lemma sum_UNIV_pair_bool:
  "(\<Sum>B\<in>UNIV. g B) = (\<Sum>I\<in>UNIV. g (I, False)) + (\<Sum>I\<in>UNIV. g (I, True))"
proof -
  have "(\<Sum>B\<in>UNIV. g B) = (\<Sum>I\<in>UNIV. \<Sum>t\<in>UNIV. g (I, t))"
    by (simp add: sum.cartesian_product split_def)
  then show ?thesis
    by (simp add: UNIV_bool sum.distrib add.commute)
qed

lemma sum_lookup_skmult_boundary:
  assumes "alg_endo \<phi>"
  shows "(\<Sum>I\<in>UNIV. Poly_Mapping.lookup
      (skmult \<phi> (f I) (\<Sum>i\<in>I. if J = I - {i} then emb (pos_sign I i * q i) else 0)) k) =
    koszul_diff (\<lambda>i. (\<phi> ^^ k) (q i)) (\<lambda>I. Poly_Mapping.lookup (f I) k) J"
proof -
  have "Poly_Mapping.lookup
      (skmult \<phi> (f I) (\<Sum>i\<in>I. if J = I - {i} then emb (pos_sign I i * q i) else 0)) k =
    (\<Sum>i\<in>I. if J = I - {i} then pos_sign I i * (\<phi> ^^ k) (q i) * Poly_Mapping.lookup (f I) k else 0)" for I
    unfolding skmult_sum_right[OF assms] lookup_sum
    by (intro sum.cong refl)
      (simp add: skmult_0_right lookup_skmult_emb[OF assms] alg_endo_mult[OF alg_endo_funpow[OF assms]]
        alg_endo_pos_sign[OF alg_endo_funpow[OF assms]] mult_ac)
  then show ?thesis
    by (simp add: sum_remove_eq_sum_insert koszul_diff_def)
qed

lemma lookup_dd_False:
  assumes "alg_endo \<phi>"
  shows "Poly_Mapping.lookup (dd \<phi> s c (J, False)) k =
    koszul_diff (iterated_Var \<phi> k) (theta_coeffs c False k) J + cone_map \<phi> s (theta_coeffs c True) k J"
proof -
  have "(\<Sum>I\<in>UNIV. Poly_Mapping.lookup (skmult \<phi> (c (I, False)) (bd \<phi> s (I, False) (J, False))) k) =
      koszul_diff (iterated_Var \<phi> k) (theta_coeffs c False k) J"
    by (simp add: sum_lookup_skmult_boundary[OF assms] theta_coeffs_def iterated_Var_def)
  moreover have "Poly_Mapping.lookup (skmult \<phi> (c (I, True)) (bd \<phi> s (I, True) (J, False))) k =
      (if I = J then cone_map \<phi> s (theta_coeffs c True) k J else 0)" for I
    by (cases k)
      (auto simp: skmult_0_right skmult_uminus_right[OF assms] skmult_diff_right[OF assms]
        lookup_minus lookup_skmult_Theta[OF assms] lookup_skmult_emb[OF assms] cone_map_def
        theta_coeffs_def minus_one_power_iff)
  ultimately show ?thesis
    unfolding dd_def lookup_sum sum_UNIV_pair_bool by (simp add: lookup_add lookup_sum)
qed

lemma lookup_dd_True:
  assumes "alg_endo \<phi>"
  shows "Poly_Mapping.lookup (dd \<phi> s c (J, True)) k =
    koszul_diff (iterated_Var \<phi> (Suc k)) (theta_coeffs c True k) J"
proof -
  have "Poly_Mapping.lookup (dd \<phi> s c (J, True)) k =
      koszul_diff (\<lambda>i. (\<phi> ^^ k) (\<phi> (Var i))) (theta_coeffs c True k) J"
    unfolding dd_def lookup_sum sum_UNIV_pair_bool
    by (simp add: skmult_0_right lookup_add lookup_sum sum_lookup_skmult_boundary[OF assms]
        theta_coeffs_def)
  also have "(\<lambda>i. (\<phi> ^^ k) (\<phi> (Var i))) = iterated_Var \<phi> (Suc k)"
    by (simp add: iterated_Var_def funpow_swap1)
  finally show ?thesis .
qed

section \<open>Exactness in positive degrees\<close>

lemma iterated_Var_Suc:
  assumes "alg_endo \<phi>" and "\<forall>i. \<phi> (Var i) = s i * Var i"
  shows "iterated_Var \<phi> (Suc k) i = (\<phi> ^^ k) (s i) * iterated_Var \<phi> k i"
proof -
  have "iterated_Var \<phi> (Suc k) i = (\<phi> ^^ k) (\<phi> (Var i))"
    by (simp add: iterated_Var_def funpow_swap1)
  then show ?thesis
    using assms by (simp add: iterated_Var_def alg_endo_mult[OF alg_endo_funpow[OF assms(1)]])
qed

lemma koszul_diff_sign:
  "koszul_diff y (\<lambda>I. (-1) ^ card I * f I) J = - ((-1) ^ card J * koszul_diff y f J)"
  unfolding koszul_diff_def sum_distrib_left sum_negf[symmetric]
  by (intro sum.cong refl) (simp add: mult_ac)

lemma koszul_diff_mult_prod:
  assumes "alg_endo \<phi>" and "\<forall>i. \<phi> (Var i) = s i * Var i"
  shows "koszul_diff (iterated_Var \<phi> k) (\<lambda>I. \<beta> I * (\<phi> ^^ k) (\<Prod>i\<in>I. s i)) J =
    (\<phi> ^^ k) (\<Prod>i\<in>J. s i) * koszul_diff (iterated_Var \<phi> (Suc k)) \<beta> J"
  unfolding koszul_diff_def sum_distrib_left
  by (intro sum.cong refl)
    (simp add: iterated_Var_Suc[OF assms] alg_endo_mult[OF alg_endo_funpow[OF assms(1)]] mult_ac)

lemma koszul_diff_cone_map:
  assumes "alg_endo \<phi>" and "\<forall>i. \<phi> (Var i) = s i * Var i"
  shows "koszul_diff (iterated_Var \<phi> k) (cone_map \<phi> s B k) J =
    - cone_map \<phi> s (\<lambda>j. koszul_diff (iterated_Var \<phi> (Suc j)) (B j)) k J"
proof -
  define B' where "B' = (case k of 0 \<Rightarrow> (\<lambda>_. 0) | Suc j \<Rightarrow> B j)"
  have "cone_map \<phi> s B k = (\<lambda>I. (-1) ^ card I * (B' I - B k I * (\<phi> ^^ k) (\<Prod>i\<in>I. s i)))"
    by (simp add: cone_map_def B'_def fun_eq_iff split: nat.split)
  then have "koszul_diff (iterated_Var \<phi> k) (cone_map \<phi> s B k) J =
      - ((-1) ^ card J * (koszul_diff (iterated_Var \<phi> k) B' J -
        (\<phi> ^^ k) (\<Prod>i\<in>J. s i) * koszul_diff (iterated_Var \<phi> (Suc k)) (B k) J))"
    by (simp only: koszul_diff_sign koszul_diff_diff koszul_diff_mult_prod[OF assms])
  moreover have "koszul_diff (iterated_Var \<phi> k) B' J =
      (case k of 0 \<Rightarrow> 0 | Suc j \<Rightarrow> koszul_diff (iterated_Var \<phi> (Suc j)) (B j) J)"
    by (simp add: B'_def koszul_diff_0 split: nat.split)
  ultimately show ?thesis
    by (simp add: cone_map_def mult.commute)
qed

lemma koszul_boundary_degree_0:
  assumes "in_ideal_of y (b {})" and "koszul_chain 0 b"
  shows "\<exists>\<beta>. koszul_chain 1 \<beta> \<and> koszul_diff y \<beta> = b"
proof -
  obtain c where c: "b {} = (\<Sum>i\<in>UNIV. c i * y i)"
    using assms(1) by (auto simp: in_ideal_of_def)
  define \<beta> where "\<beta> = (\<lambda>I. if card I = Suc 0 then c (the_elem I) else 0)"
  have "koszul_chain 1 \<beta>"
    by (simp add: koszul_chain_def \<beta>_def)
  moreover have "koszul_diff y \<beta> J = b J" for J
  proof (cases "J = {}")
    case True
    then show ?thesis
      by (simp add: koszul_diff_empty \<beta>_def c)
  next
    case False
    then show ?thesis
      using assms(2) by (simp add: \<beta>_def koszul_diff_restrict koszul_chain_def)
  qed
  ultimately show ?thesis
    by blast
qed

lemma u_coeff_empty_in_ideal:
  assumes endo: "alg_endo \<phi>" and s_def: "\<forall>i. \<phi> (Var i) = s i * Var i"
    and vanish: "\<forall>k\<ge>K. b k {} = 0"
    and rel: "\<forall>k. koszul_diff (iterated_Var \<phi> k) (a k) {} + cone_map \<phi> s b k {} = 0"
  shows "in_ideal_of (iterated_Var \<phi> (Suc k)) (b k {})"
proof (cases "K \<le> k")
  case True
  then show ?thesis
    using vanish by (simp add: in_ideal_of_0)
next
  case False
  then have "k \<le> K"
    by simp
  then show ?thesis
  proof (induction k rule: inc_induct)
    case base
    then show ?case
      using vanish by (simp add: in_ideal_of_0)
  next
    case (step k)
    have "b k {} = b (Suc k) {} - koszul_diff (iterated_Var \<phi> (Suc k)) (a (Suc k)) {}"
      using rel[rule_format, of "Suc k"]
      by (simp add: cone_map_def alg_endo_one[OF alg_endo_funpow[OF endo]] algebra_simps
          del: funpow.simps)
    moreover have "in_ideal_of (iterated_Var \<phi> (Suc k)) (iterated_Var \<phi> (Suc (Suc k)) i)" for i
      unfolding iterated_Var_Suc[OF endo s_def, of "Suc k"]
      by (intro in_ideal_of_mult_left in_ideal_of_generator)
    then have "in_ideal_of (iterated_Var \<phi> (Suc k)) (b (Suc k) {})"
      using step.IH by (rule in_ideal_of_trans)
    ultimately show ?case
      by (metis in_ideal_of_diff in_ideal_of_koszul_diff_empty)
  qed
qed

lemma lift_u_coeffs:
  assumes endo: "alg_endo \<phi>" and flat: "flat_endo \<phi>" and s_def: "\<forall>i. \<phi> (Var i) = s i * Var i"
    and "1 \<le> l"
    and b_chain: "\<forall>k. koszul_chain (l - 1) (b k)"
    and b_cycle: "\<forall>k. koszul_diff (iterated_Var \<phi> (Suc k)) (b k) = (\<lambda>_. 0)"
    and b_vanish: "\<forall>k\<ge>K. b k = (\<lambda>_. 0)"
    and rel: "\<forall>k I. koszul_diff (iterated_Var \<phi> k) (a k) I + cone_map \<phi> s b k I = 0"
  obtains B where "\<forall>k. koszul_chain l (B k)"
    and "\<forall>k. koszul_diff (iterated_Var \<phi> (Suc k)) (B k) = b k"
    and "\<forall>k\<ge>K. B k = (\<lambda>_. 0)"
proof -
  have "\<exists>\<beta>. koszul_chain l \<beta> \<and> koszul_diff (iterated_Var \<phi> (Suc k)) \<beta> = b k \<and>
      (K \<le> k \<longrightarrow> \<beta> = (\<lambda>_. 0))" for k
  proof (cases "K \<le> k")
    case True
    then show ?thesis
      using b_vanish by (intro exI[of _ "\<lambda>_. 0"]) (simp add: koszul_chain_def koszul_diff_0)
  next
    case False
    have "\<exists>\<beta>. koszul_chain l \<beta> \<and> koszul_diff (iterated_Var \<phi> (Suc k)) \<beta> = b k"
    proof (cases "l = 1")
      case True
      have "in_ideal_of (iterated_Var \<phi> (Suc k)) (b k {})"
        using b_vanish rel by (intro u_coeff_empty_in_ideal[OF endo s_def, of K _ a]) simp_all
      moreover have "koszul_chain 0 (b k)"
        using b_chain True by simp
      ultimately show ?thesis
        using True koszul_boundary_degree_0 by simp
    next
      case False
      then have "1 \<le> l - 1" and "Suc (l - 1) = l"
        using \<open>1 \<le> l\<close> by simp_all
      then show ?thesis
        using koszul_exactD[OF koszul_exact_iterated_Var[OF endo flat] \<open>1 \<le> l - 1\<close>] b_chain b_cycle
        by metis
    qed
    then show ?thesis
      using False by blast
  qed
  then show thesis
    using that by metis
qed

********

**Problem to solve:**
Please, from the material above, copy only the lines from the line with "unfolding skmult_sum_right[OF assms]" up to and including the line with "(auto simp: skmult_0_right", exactly as written.

**Result of the exercise:**
    unfolding skmult_sum_right[OF assms] lookup_sum
    by (intro sum.cong refl)
      (simp add: skmult_0_right lookup_skmult_emb[OF assms] alg_endo_mult[OF alg_endo_funpow[OF assms]]
        alg_endo_pos_sign[OF alg_endo_funpow[OF assms]] mult_ac)
  then show ?thesis
    by (simp add: sum_remove_eq_sum_insert koszul_diff_def)
qed

lemma lookup_dd_False:
  assumes "alg_endo \<phi>"
  shows "Poly_Mapping.lookup (dd \<phi> s c (J, False)) k =
    koszul_diff (iterated_Var \<phi> k) (theta_coeffs c False k) J + cone_map \<phi> s (theta_coeffs c True) k J"
proof -
  have "(\<Sum>I\<in>UNIV. Poly_Mapping.lookup (skmult \<phi> (c (I, False)) (bd \<phi> s (I, False) (J, False))) k) =
      koszul_diff (iterated_Var \<phi> k) (theta_coeffs c False k) J"
    by (simp add: sum_lookup_skmult_boundary[OF assms] theta_coeffs_def iterated_Var_def)
  moreover have "Poly_Mapping.lookup (skmult \<phi> (c (I, True)) (bd \<phi> s (I, True) (J, False))) k =
      (if I = J then cone_map \<phi> s (theta_coeffs c True) k J else 0)" for I
    by (cases k)
      (auto simp: skmult_0_right skmult_uminus_right[OF assms] skmult_diff_right[OF assms]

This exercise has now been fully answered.